Francois’s scam incorporated nearly all of the same elements, but it was impossible to determine her exact location or her sex. For all we know, she could have been a man as well.
She refused to use Skype or a camera and would only communicate through Google Hangouts Chat.
Franscois clearly lacked the sophistication of Carine’s criminal enterprise, which suggested she could have been acting alone. Yet, both women went to great lengths to perpetrate their frauds.
Amid the shower of semi-nude photos, Francois even sent us photos of her purported pet dog, a black poodle, named Mido.
But when we asked for a photo of her with the dog, she said she didn’t have one. Was it just another prop to ease our suspicion?
Francois also talked at length about her desire to get married, and she talked intimately about sex. But before too long, she steered the conversation to money.
Like Carine, she also had an African connection. She said she routinely traveled to Casablanca, Morocco, on business. She claimed she bought and sold Moroccan art work. After teeing us up with small talk, she set us up for the take down.
She told us she was planning to travel to Morocco via Paris to buy goods. A few days later, she contacted us to say she was in Paris to arrange financing for her Moroccan trip. That’s when a problem arose. She couldn’t get the money she needed.
So, she asked for our help. She said she only needed $2,000. We could easily send it to her via Western Union, she added. We decided to start scamming the scammer.

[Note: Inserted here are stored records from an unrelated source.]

text \<open>The kernel of a product at \<open>(\<sigma>', \<tau>')\<close> is computed on the fiber of \<open>\<sigma>'\<close>,
  which \<open>override_on \<sigma>'\<close> identifies with the fiber of \<open>\<sigma>\<close>.\<close>

lemma local_mult:
  assumes "loc U x" "loc U y"
  shows "loc U (op_mult x y)"
proof (rule localI[OF local_finite[OF assms(1)] local_subset_sites[OF assms(1)]])
  fix \<sigma> \<tau> assume "op_mult x y \<sigma> \<tau> \<noteq> 0"
  then obtain \<rho> where "x \<sigma> \<rho> * y \<rho> \<tau> \<noteq> 0"
    unfolding op_mult_local_left[OF assms(1)] by (rule sum.not_neutral_contains_not_neutral)
  then have "x \<sigma> \<rho> \<noteq> 0" "y \<rho> \<tau> \<noteq> 0"
    by auto
  from local_nonzeroD[OF assms(1) this(1)] local_nonzeroD[OF assms(2) this(2)]
  show "\<sigma> \<in> Cf \<and> \<tau> \<in> Cf \<and> (\<forall>s. s \<notin> U \<longrightarrow> \<sigma> s = \<tau> s)"
    by auto
next
  fix \<sigma> \<tau> \<sigma>' \<tau>'
  assume c: "\<sigma> \<in> Cf" "\<tau> \<in> Cf" "\<sigma>' \<in> Cf" "\<tau>' \<in> Cf"
    and on: "\<forall>s\<in>U. \<sigma> s = \<sigma>' s \<and> \<tau> s = \<tau>' s"
    and off: "\<forall>s. s \<notin> U \<longrightarrow> \<sigma> s = \<tau> s" "\<forall>s. s \<notin> U \<longrightarrow> \<sigma>' s = \<tau>' s"
  have bij: "bij_betw (\<lambda>\<rho>. override_on \<sigma>' \<rho> U) (fiber U \<sigma>) (fiber U \<sigma>')"
  proof (rule bij_betw_byWitness[where f' = "\<lambda>\<rho>. override_on \<sigma> \<rho> U"])
    show "\<forall>\<rho>\<in>fiber U \<sigma>. override_on \<sigma> (override_on \<sigma>' \<rho> U) U = \<rho>"
      "\<forall>\<rho>\<in>fiber U \<sigma>'. override_on \<sigma>' (override_on \<sigma> \<rho> U) U = \<rho>"
      by (auto simp: fiber_def override_on_def fun_eq_iff)
    show "(\<lambda>\<rho>. override_on \<sigma>' \<rho> U) ` fiber U \<sigma> \<subseteq> fiber U \<sigma>'"
      "(\<lambda>\<rho>. override_on \<sigma> \<rho> U) ` fiber U \<sigma>' \<subseteq> fiber U \<sigma>"
      using override_on_fiber c(1,3) by (auto simp: fiber_def)
  qed
  have "op_mult x y \<sigma>' \<tau>' =
      (\<Sum>\<rho>\<in>fiber U \<sigma>. x \<sigma>' (override_on \<sigma>' \<rho> U) * y (override_on \<sigma>' \<rho> U) \<tau>')"
    unfolding op_mult_local_left[OF assms(1)] by (rule sum.reindex_bij_betw[OF bij, symmetric])
  also have "\<dots> = (\<Sum>\<rho>\<in>fiber U \<sigma>. x \<sigma> \<rho> * y \<rho> \<tau>)"
  proof (rule sum.cong[OF refl])
    fix \<rho> assume "\<rho> \<in> fiber U \<sigma>"
    then have \<rho>: "\<rho> \<in> Cf" "\<forall>s. s \<notin> U \<longrightarrow> \<rho> s = \<sigma> s"
      by (auto simp: fiber_def)
    have oc: "override_on \<sigma>' \<rho> U \<in> Cf"
      using override_on_Conf[OF c(3) \<rho>(1)] .
    have "x \<sigma> \<rho> = x \<sigma>' (override_on \<sigma>' \<rho> U)"
      by (rule local_kernel_eq[OF assms(1) c(1) \<rho>(1) c(3) oc]) (use on \<rho>(2) in auto)
    moreover have "y \<rho> \<tau> = y (override_on \<sigma>' \<rho> U) \<tau>'"
      by (rule local_kernel_eq[OF assms(2) \<rho>(1) c(2) oc c(4)]) (use on off \<rho>(2) in auto)
    ultimately show "x \<sigma>' (override_on \<sigma>' \<rho> U) * y (override_on \<sigma>' \<rho> U) \<tau>' = x \<sigma> \<rho> * y \<rho> \<tau>"
      by simp
  qed
  also have "\<dots> = op_mult x y \<sigma> \<tau>"
    unfolding op_mult_local_left[OF assms(1)] ..
  finally show "op_mult x y \<sigma> \<tau> = op_mult x y \<sigma>' \<tau>'"
    by simp
qed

To put her off without raising suspicion, we said the U.S. government had recently enacted tough, new restrictions on money transfers outside the country because of our war with the Islamic State.
Our bank, we said, would likely block a transfer by Western Union because there was no business connection between us. So, she immediately suggested other fraudulent methods.
She said she would pose as our wife to ease the transaction. Then she agreed to open a bank account in our name only, so the transfer would not arouse suspicion.
But when we told her she would need to deposit a countervailing balance equal to the amount we were depositing, she balked at the idea.
We said we would travel to Paris with the money, so we could finally consummate our love before her trip. She quickly balked at that idea, as well.
When we asked her if she might need more money, given the complications; she upped her request to $3,500. The money, of course, was never transferred.
But we got what we wanted; she played her hand, giving us a window into her method of operation and her attempted fraud.
It’s clear these women have no real interest in meeting or getting married. Carine was much more subtle in her approach, but finally began hinting she wanted money.
After more than two weeks of conversation, she let us know she liked expensive clothes. She modeled a Ralph Lauren shirt.
We offered to meet her in Cannes to consummate our love. We also promised to take her shopping and to buy her anything she wanted. Not surprisingly, she declined.
With her fraud clearly established, we finally ended our relationship with a brutal putdown. Our final words to her were simply “fuck off.” Yet the next day, she reached out to us again, begging to continue the relationship.
We have calls out to Google, the Federal Bureau of Investigation and the U.S. Department of Homeland Security for their reaction. We are also reaching out to authorities in France and the Ivory Coast.